> _Material provided_
(* Let $G=K_{1,2,2}$ be the complete 3-partite graph with partite sets $\{x\}$, $\{y_1,y_2\}$, $\{z_1,z_2\}$, and let $L$ be a prime distance labeling of $G$. If $L(x)=0$, then $\{L(y_1),L(y_2),L(z_1),L(z_2)\}=\{2,-2,5,-5\}$ with $L(y_1)=-L(y_2)$ and $L(z_1)=-L(z_2)$. Conversely, if $\{L(y_1),L(y_2),L(z_1),L(z_2)\}=\{2,-2,5,-5\}$ with $L(y_1)=-L(y_2)$ and $L(z_1)=-L(z_2)$, then $L(x)=0$.
   Context: A prime distance labeling of a graph $G$ is an injective map $L:V(G)\to\mathbb{Z}$ such that for every pair of adjacent vertices $u,v$, the integer $|L(u)-L(v)|$ is prime. *)

theory Defs
  imports "HOL-Computational_Algebra.Primes"
begin

definition prime_distance_labeling :: "('v \<Rightarrow> 'v \<Rightarrow> bool) \<Rightarrow> ('v \<Rightarrow> int) \<Rightarrow> bool" where
  "prime_distance_labeling adj L \<longleftrightarrow>
     inj L \<and> (\<forall>u v. adj u v \<longrightarrow> prime \<bar>L u - L v\<bar>)"

datatype k122_vertex = X | Y1 | Y2 | Z1 | Z2

fun k122_part :: "k122_vertex \<Rightarrow> nat" where
  "k122_part X = 0"
| "k122_part Y1 = 1"
| "k122_part Y2 = 1"
| "k122_part Z1 = 2"
| "k122_part Z2 = 2"

definition k122_adj :: "k122_vertex \<Rightarrow> k122_vertex \<Rightarrow> bool" where
  "k122_adj u v \<longleftrightarrow> k122_part u \<noteq> k122_part v"

end

theory Submission
  imports Defs
begin

text \<open>With the centre labelled 0, every label and every difference of labels across the parts
  \<open>{Y1, Y2}\<close> and \<open>{Z1, Z2}\<close> is a prime up to sign, and such a number is \<open>\<plusminus>2\<close> as soon as it
  is even. Hence two adjacent odd labels differ by 2, and if \<open>k - 2, k, k + 2\<close> are all primes up
  to sign then \<open>k = \<plusminus>5\<close>, as one of them is divisible by 3. Parity bookkeeping then shows that
  one part is labelled \<open>{2, -2}\<close> and the other \<open>{5, -5}\<close>. Conversely, if the centre \<open>x\<close> is at
  prime distance from \<open>\<plusminus>2\<close> and \<open>\<plusminus>5\<close>, then for \<open>k = 2\<close> or \<open>k = 5\<close> both \<open>x - k\<close> and \<open>x + k\<close>
  are even, hence \<open>\<plusminus>2\<close>, which forces \<open>x = 0\<close>.\<close>

lemma prime_abs_eq_if_dvd:
  fixes p k :: int
  assumes "prime p" "prime \<bar>k\<bar>" "p dvd k"
  shows "\<bar>k\<bar> = p"
  using assms primes_dvd_imp_eq by (metis dvd_abs_iff)

lemma prime_abs_even: "prime \<bar>k :: int\<bar> \<Longrightarrow> even k \<Longrightarrow> \<bar>k\<bar> = 2"
  by (rule prime_abs_eq_if_dvd) auto

lemma prime_abs_triple:
  fixes k :: int
  assumes "prime \<bar>k - 2\<bar>" "prime \<bar>k\<bar>" "prime \<bar>k + 2\<bar>"
  shows "\<bar>k\<bar> = 5"
proof -
  have "3 dvd k - 2 \<or> 3 dvd k \<or> 3 dvd k + 2"
    by presburger
  then have "\<bar>k - 2\<bar> = 3 \<or> \<bar>k\<bar> = 3 \<or> \<bar>k + 2\<bar> = 3"
    using assms prime_abs_eq_if_dvd[of 3] by auto
  then have "k \<in> {5, -1, 1, 3, -3, -5}"
    by auto
  with assms show ?thesis
    by auto
qed

lemma centre_of_prime_distances:
  fixes x k :: int
  assumes "prime \<bar>x - k\<bar>" "prime \<bar>x + k\<bar>" "even (x + k)" "k \<noteq> 0"
  shows "x = 0"
proof -
  have "even (x - k)"
    using \<open>even (x + k)\<close> by presburger
  then have "\<bar>x - k\<bar> = 2" "\<bar>x + k\<bar> = 2"
    using assms prime_abs_even by auto
  with \<open>k \<noteq> 0\<close> show ?thesis
    by linarith
qed

text \<open>The labels of the two parts \<open>{a, b}\<close> and \<open>{c, d}\<close> of a prime distance labeling
  of \<open>K\<^sub>1\<^sub>,\<^sub>2\<^sub>,\<^sub>2\<close> whose centre is labelled 0.\<close>
definition centred_k122_labels :: "int \<Rightarrow> int \<Rightarrow> int \<Rightarrow> int \<Rightarrow> bool" where
  "centred_k122_labels a b c d \<longleftrightarrow> a \<noteq> b \<and> c \<noteq> d \<and>
     prime \<bar>a\<bar> \<and> prime \<bar>b\<bar> \<and> prime \<bar>c\<bar> \<and> prime \<bar>d\<bar> \<and>
     prime \<bar>a - c\<bar> \<and> prime \<bar>a - d\<bar> \<and> prime \<bar>b - c\<bar> \<and> prime \<bar>b - d\<bar>"

lemma centred_k122_labelsD:
  assumes "centred_k122_labels a b c d"
  shows "a \<noteq> b" "c \<noteq> d" "prime \<bar>a\<bar>" "prime \<bar>b\<bar>" "prime \<bar>c\<bar>" "prime \<bar>d\<bar>"
    "prime \<bar>a - c\<bar>" "prime \<bar>a - d\<bar>" "prime \<bar>b - c\<bar>" "prime \<bar>b - d\<bar>"
  using assms unfolding centred_k122_labels_def by auto

lemma centred_k122_labels_swap_left:
  "centred_k122_labels a b c d \<Longrightarrow> centred_k122_labels b a c d"
  unfolding centred_k122_labels_def by auto

lemma centred_k122_labels_swap_right:
  "centred_k122_labels a b c d \<Longrightarrow> centred_k122_labels a b d c"
  unfolding centred_k122_labels_def by auto

lemma centred_k122_labels_swap_parts:
  "centred_k122_labels a b c d \<Longrightarrow> centred_k122_labels c d a b"
  unfolding centred_k122_labels_def by (auto simp: abs_minus_commute)

lemma centred_k122_labels_even_part:
  assumes "centred_k122_labels a b c d" "even a" "even b"
  shows "{a, b} = {2, -2} \<and> {c, d} = {5, -5}"
proof -
  note labels = centred_k122_labelsD[OF assms(1)]
  have "\<bar>a\<bar> = 2" "\<bar>b\<bar> = 2"
    using labels(3,4) assms(2,3) prime_abs_even by auto
  with labels(1) have ab: "a = 2 \<and> b = -2 \<or> a = -2 \<and> b = 2"
    by arith
  have "\<bar>v\<bar> = 5" if "prime \<bar>v\<bar>" "prime \<bar>a - v\<bar>" "prime \<bar>b - v\<bar>" for v
  proof (rule prime_abs_triple)
    show "prime \<bar>v - 2\<bar>" "prime \<bar>v + 2\<bar>"
      using ab that(2,3) by (auto simp: abs_minus_commute)
  qed fact
  then have "\<bar>c\<bar> = 5" "\<bar>d\<bar> = 5"
    using labels by blast+
  with labels(2) have "c = 5 \<and> d = -5 \<or> c = -5 \<and> d = 5"
    by arith
  with ab show ?thesis
    by auto
qed

text \<open>On an odd path \<open>a - c - b\<close> both neighbours differ from \<open>c\<close> by \<open>\<plusminus>2\<close>, so
  \<open>c = \<plusminus>5\<close> and \<open>{a, b} = {c - 2, c + 2}\<close>; no label \<open>d \<noteq> c\<close> is then at prime distance
  from both \<open>a\<close> and \<open>b\<close>.\<close>
lemma centred_k122_labels_no_odd_path:
  assumes "centred_k122_labels a b c d" "odd a" "odd b" "odd c"
  shows False
proof -
  note labels = centred_k122_labelsD[OF assms(1)]
  have "\<bar>a - c\<bar> = 2" "\<bar>b - c\<bar> = 2"
    using labels(7,9) assms(2-4) prime_abs_even[of "a - c"] prime_abs_even[of "b - c"] by auto
  with labels(1) have ab: "a = c - 2 \<and> b = c + 2 \<or> a = c + 2 \<and> b = c - 2"
    by arith
  with labels(3,4) have "prime \<bar>c - 2\<bar>" "prime \<bar>c + 2\<bar>"
    by auto
  with labels(5) have "\<bar>c\<bar> = 5"
    using prime_abs_triple by blast
  then have c: "c = 5 \<or> c = -5"
    by arith
  show False
  proof (cases "even d")
    case True
    with labels(6) have "\<bar>d\<bar> = 2"
      using prime_abs_even by blast
    then have "d = 2 \<or> d = -2"
      by arith
    with labels(8,10) ab c show False
      by auto
  next
    case False
    then have "\<bar>a - d\<bar> = 2" "\<bar>b - d\<bar> = 2"
      using labels(8,10) assms(2,3) prime_abs_even[of "a - d"] prime_abs_even[of "b - d"] by auto
    with ab labels(2) show False
      by arith
  qed
qed

lemma centred_k122_labels_no_odd_edge:
  assumes "centred_k122_labels a b c d" "odd a" "odd c"
  shows False
proof -
  consider "odd b" | "odd d" | "even b" "even d"
    by blast
  then show False
  proof cases
    case 1
    with assms show False
      by (blast intro: centred_k122_labels_no_odd_path)
  next
    case 2
    with assms show False
      by (blast intro: centred_k122_labels_no_odd_path centred_k122_labels_swap_parts)
  next
    case 3
    note labels = centred_k122_labelsD[OF assms(1)]
    have "\<bar>b\<bar> = 2" "\<bar>d\<bar> = 2" "\<bar>b - d\<bar> = 2"
      using labels(4,6,10) 3 prime_abs_even by auto
    then show False
      by arith
  qed
qed

lemma centred_k122_labels_classification:
  assumes "centred_k122_labels a b c d"
  shows "{a, b} = {2, -2} \<and> {c, d} = {5, -5} \<or> {a, b} = {5, -5} \<and> {c, d} = {2, -2}"
proof -
  have "even a \<and> even b \<or> even c \<and> even d"
  proof (rule ccontr)
    assume "\<not> ?thesis"
    then consider "odd a" "odd c" | "odd a" "odd d" | "odd b" "odd c" | "odd b" "odd d"
      by blast
    then show False
      by cases (use assms centred_k122_labels_no_odd_edge centred_k122_labels_swap_left
          centred_k122_labels_swap_right in blast)+
  qed
  then show ?thesis
    using assms centred_k122_labels_even_part centred_k122_labels_swap_parts by blast
qed

theorem mainTheorem5:
  fixes L :: "k122_vertex \<Rightarrow> int"
  assumes "prime_distance_labeling k122_adj L"
  shows "L X = 0 \<longleftrightarrow>
           ({L Y1, L Y2, L Z1, L Z2} = {2, -2, 5, -5} \<and> L Y1 = - L Y2 \<and> L Z1 = - L Z2)"
proof -
  from assms have inj: "inj L" and adj: "\<And>u v. k122_adj u v \<Longrightarrow> prime \<bar>L u - L v\<bar>"
    unfolding prime_distance_labeling_def by auto
  show ?thesis
  proof
    assume "L X = 0"
    with inj adj adj[of X] have "centred_k122_labels (L Y1) (L Y2) (L Z1) (L Z2)"
      unfolding centred_k122_labels_def by (auto simp: inj_eq k122_adj_def)
    then have "{L Y1, L Y2} = {2, -2} \<and> {L Z1, L Z2} = {5, -5} \<or>
        {L Y1, L Y2} = {5, -5} \<and> {L Z1, L Z2} = {2, -2}"
      by (rule centred_k122_labels_classification)
    then show "{L Y1, L Y2, L Z1, L Z2} = {2, -2, 5, -5} \<and> L Y1 = - L Y2 \<and> L Z1 = - L Z2"
      by (auto simp: doubleton_eq_iff)
  next
    assume labels: "{L Y1, L Y2, L Z1, L Z2} = {2, -2, 5, -5} \<and> L Y1 = - L Y2 \<and> L Z1 = - L Z2"
    have "prime \<bar>L X - k\<bar>" if "k \<in> {2, -2, 5, -5}" for k
    proof -
      from that labels have "k \<in> {L Y1, L Y2, L Z1, L Z2}"
        by argo
      then show ?thesis
        using adj[of X] by (auto simp: k122_adj_def)
    qed
    then have "prime \<bar>L X - 2\<bar>" "prime \<bar>L X + 2\<bar>" "prime \<bar>L X - 5\<bar>" "prime \<bar>L X + 5\<bar>"
      by (metis insertCI diff_minus_eq_add)+
    then show "L X = 0"
      using centre_of_prime_distances[of "L X" 2] centre_of_prime_distances[of "L X" 5]
      by (cases "even (L X)") auto
  qed
qed

end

> _What the task requires_
Count every line above that holds the string "shows" and give the total, nothing more.

> _Result for this task_
10